Stored data entries
╔══

lemma measure_comb_on_rectangles_lincomb:
  assumes "measure_comb_on_rectangles F" "measure_comb_on_rectangles G"
  shows "measure_comb_on_rectangles (\<lambda>X Y. c * F X Y + G X Y)"
proof -
  obtain f g where "measure_comb f" "\<forall>X\<in>sets borel. \<forall>Y\<in>sets borel. f (X \<times> Y) = F X Y"
    "measure_comb g" "\<forall>X\<in>sets borel. \<forall>Y\<in>sets borel. g (X \<times> Y) = G X Y"
    using assms unfolding measure_comb_on_rectangles_def by blast
  then show ?thesis
    unfolding measure_comb_on_rectangles_def
    by (intro exI[of _ "\<lambda>Z. c * f Z + g Z"]) (auto intro: measure_comb_lincomb)
qed

lemma measure_comb_on_rectangles_add:
  "measure_comb_on_rectangles F \<Longrightarrow> measure_comb_on_rectangles G
    \<Longrightarrow> measure_comb_on_rectangles (\<lambda>X Y. F X Y + G X Y)"
  using measure_comb_on_rectangles_lincomb[of F G 1] by simp

lemma measure_comb_on_rectangles_scale:
  "measure_comb_on_rectangles F \<Longrightarrow> measure_comb_on_rectangles (\<lambda>X Y. c * F X Y)"
  using measure_comb_on_rectangles_lincomb[OF _ measure_comb_on_rectangles_zero, of F c] by simp

lemma measure_comb_on_rectangles_sum:
  "finite I \<Longrightarrow> (\<And>i. i \<in> I \<Longrightarrow> measure_comb_on_rectangles (F i))
    \<Longrightarrow> measure_comb_on_rectangles (\<lambda>X Y. \<Sum>i\<in>I. F i X Y)"
  by (induction I rule: finite_induct)
    (auto intro: measure_comb_on_rectangles_zero measure_comb_on_rectangles_add)

lemma measure_comb_on_rectangles_measure_Times:
  fixes \<mu> :: "'a::second_countable_topology measure" and \<nu> :: "'b::second_countable_topology measure"
  assumes \<mu>: "finite_measure \<mu>" "sets \<mu> = sets borel" and \<nu>: "finite_measure \<nu>" "sets \<nu> = sets borel"
  shows "measure_comb_on_rectangles (\<lambda>X Y. of_real (measure \<mu> X) * of_real (measure \<nu> Y))"
proof -
  interpret \<nu>: finite_measure \<nu> by fact
  have "sets (\<mu> \<Otimes>\<^sub>M \<nu>) = sets (borel \<Otimes>\<^sub>M borel :: ('a \<times> 'b) measure)"
    using \<mu> \<nu> by (intro sets_pair_measure_cong) auto
  then have "sets (\<mu> \<Otimes>\<^sub>M \<nu>) = sets (borel :: ('a \<times> 'b) measure)" by (metis borel_prod)
  moreover have "measure (\<mu> \<Otimes>\<^sub>M \<nu>) (X \<times> Y) = measure \<mu> X * measure \<nu> Y"
    if "X \<in> sets borel" "Y \<in> sets borel" for X Y
    using \<nu>.emeasure_pair_measure_Times[of X \<mu> Y] that \<mu> \<nu>
    by (simp add: measure_def enn2real_mult)
  ultimately show ?thesis
    unfolding measure_comb_on_rectangles_def using \<mu> \<nu>
    by (intro exI[of _ "\<lambda>Z. of_real (measure (\<mu> \<Otimes>\<^sub>M \<nu>) Z)"])
      (auto intro: measure_comb_measure finite_measure_pair_measure)
qed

╚══

WHAT IS EXPECTED = For every line in the data above that has the string "Otimes", return that line.

YOUR RESPONSE =
  have "sets (\<mu> \<Otimes>\<^sub>M \<nu>) = sets (borel \<Otimes>\<^sub>M borel :: ('a \<times> 'b) measure)"
  then have "sets (\<mu> \<Otimes>\<^sub>M \<nu>) = sets (borel :: ('a \<times> 'b) measure)" by (metis borel_prod)
  moreover have "measure (\<mu> \<Otimes>\<^sub>M \<nu>) (X \<times> Y) = measure \<mu> X * measure \<nu> Y"
    by (intro exI[of _ "\<lambda>Z. of_real (measure (\<mu> \<Otimes>\<^sub>M \<nu>) Z)"])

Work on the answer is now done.